(* Let $G$ be a group acting without inversions on a tree $T$ and let $H$ be a subgroup of $G$ acting freely on the edges of $T$. If $K_{T}(H)<\infty$, then $H$ is tame.
   Context: An element is hyperbolic if it fixes no vertex of $T$. If $H$ contains a hyperbolic element, $T_H$ is the unique minimal $H$-invariant subtree of $T$. $H$ is tame if either $H$ fixes a vertex of $T$, or $H$ contains a hyperbolic element and $T_H/H$ is finite. A vertex $v$ of $T$ is $H$-degenerate if $H_v=H_e$ for some edge $e$ with initial vertex $v$; the vertex $[v]_H$ of $T/H$ is then degenerate. For $H$ acting freely on edges, the Kurosh rank is $K_T(H)=r(T/H)+|V_{ndeg}(T/H)|$ if $H$ contains a hyperbolic element, where $r(T/H)$ is the rank of the fundamental group of $T/H$ and $V_{ndeg}(T/H)$ the set of non-degenerate vertices of $T/H$, and $K_T(H)=1$ otherwise. *)

theory Defs
  imports "HOL-Algebra.Group_Action" "HOL-Library.Extended_Nat"
begin

section \<open>Graphs in the sense of Serre\<close>

record ('v, 'e) sgraph =
  verts :: "'v set"
  arcs  :: "'e set"
  src   :: "'e \<Rightarrow> 'v"
  rev   :: "'e \<Rightarrow> 'e"

definition tgt :: "('v, 'e) sgraph \<Rightarrow> 'e \<Rightarrow> 'v" where
  "tgt g e = src g (rev g e)"

definition is_sgraph :: "('v, 'e) sgraph \<Rightarrow> bool" where
  "is_sgraph g \<longleftrightarrow> (\<forall>e \<in> arcs g. src g e \<in> verts g \<and> rev g e \<in> arcs g
      \<and> rev g (rev g e) = e \<and> rev g e \<noteq> e)"

definition is_path :: "('v, 'e) sgraph \<Rightarrow> 'v \<Rightarrow> 'e list \<Rightarrow> 'v \<Rightarrow> bool" where
  "is_path g u es v \<longleftrightarrow> u \<in> verts g \<and> v \<in> verts g \<and> set es \<subseteq> arcs g \<and>
     (if es = [] then u = v
      else src g (hd es) = u \<and> tgt g (last es) = v \<and>
           (\<forall>i. Suc i < length es \<longrightarrow> tgt g (es ! i) = src g (es ! Suc i)))"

• • • • •

**Action item**
The whole listing above is to be output exactly.

**Answer to this exercise**
(* Let $G$ be a group acting without inversions on a tree $T$ and let $H$ be a subgroup of $G$ acting freely on the edges of $T$. If $K_{T}(H)<\infty$, then $H$ is tame.
   Context: An element is hyperbolic if it fixes no vertex of $T$. If $H$ contains a hyperbolic element, $T_H$ is the unique minimal $H$-invariant subtree of $T$. $H$ is tame if either $H$ fixes a vertex of $T$, or $H$ contains a hyperbolic element and $T_H/H$ is finite. A vertex $v$ of $T$ is $H$-degenerate if $H_v=H_e$ for some edge $e$ with initial vertex $v$; the vertex $[v]_H$ of $T/H$ is then degenerate. For $H$ acting freely on edges, the Kurosh rank is $K_T(H)=r(T/H)+|V_{ndeg}(T/H)|$ if $H$ contains a hyperbolic element, where $r(T/H)$ is the rank of the fundamental group of $T/H$ and $V_{ndeg}(T/H)$ the set of non-degenerate vertices of $T/H$, and $K_T(H)=1$ otherwise. *)

theory Defs
  imports "HOL-Algebra.Group_Action" "HOL-Library.Extended_Nat"
begin

section \<open>Graphs in the sense of Serre\<close>

record ('v, 'e) sgraph =
  verts :: "'v set"
  arcs  :: "'e set"
  src   :: "'e \<Rightarrow> 'v"
  rev   :: "'e \<Rightarrow> 'e"

definition tgt :: "('v, 'e) sgraph \<Rightarrow> 'e \<Rightarrow> 'v" where
  "tgt g e = src g (rev g e)"

definition is_sgraph :: "('v, 'e) sgraph \<Rightarrow> bool" where
  "is_sgraph g \<longleftrightarrow> (\<forall>e \<in> arcs g. src g e \<in> verts g \<and> rev g e \<in> arcs g
      \<and> rev g (rev g e) = e \<and> rev g e \<noteq> e)"

definition is_path :: "('v, 'e) sgraph \<Rightarrow> 'v \<Rightarrow> 'e list \<Rightarrow> 'v \<Rightarrow> bool" where
  "is_path g u es v \<longleftrightarrow> u \<in> verts g \<and> v \<in> verts g \<and> set es \<subseteq> arcs g \<and>
     (if es = [] then u = v
      else src g (hd es) = u \<and> tgt g (last es) = v \<and>
           (\<forall>i. Suc i < length es \<longrightarrow> tgt g (es ! i) = src g (es ! Suc i)))"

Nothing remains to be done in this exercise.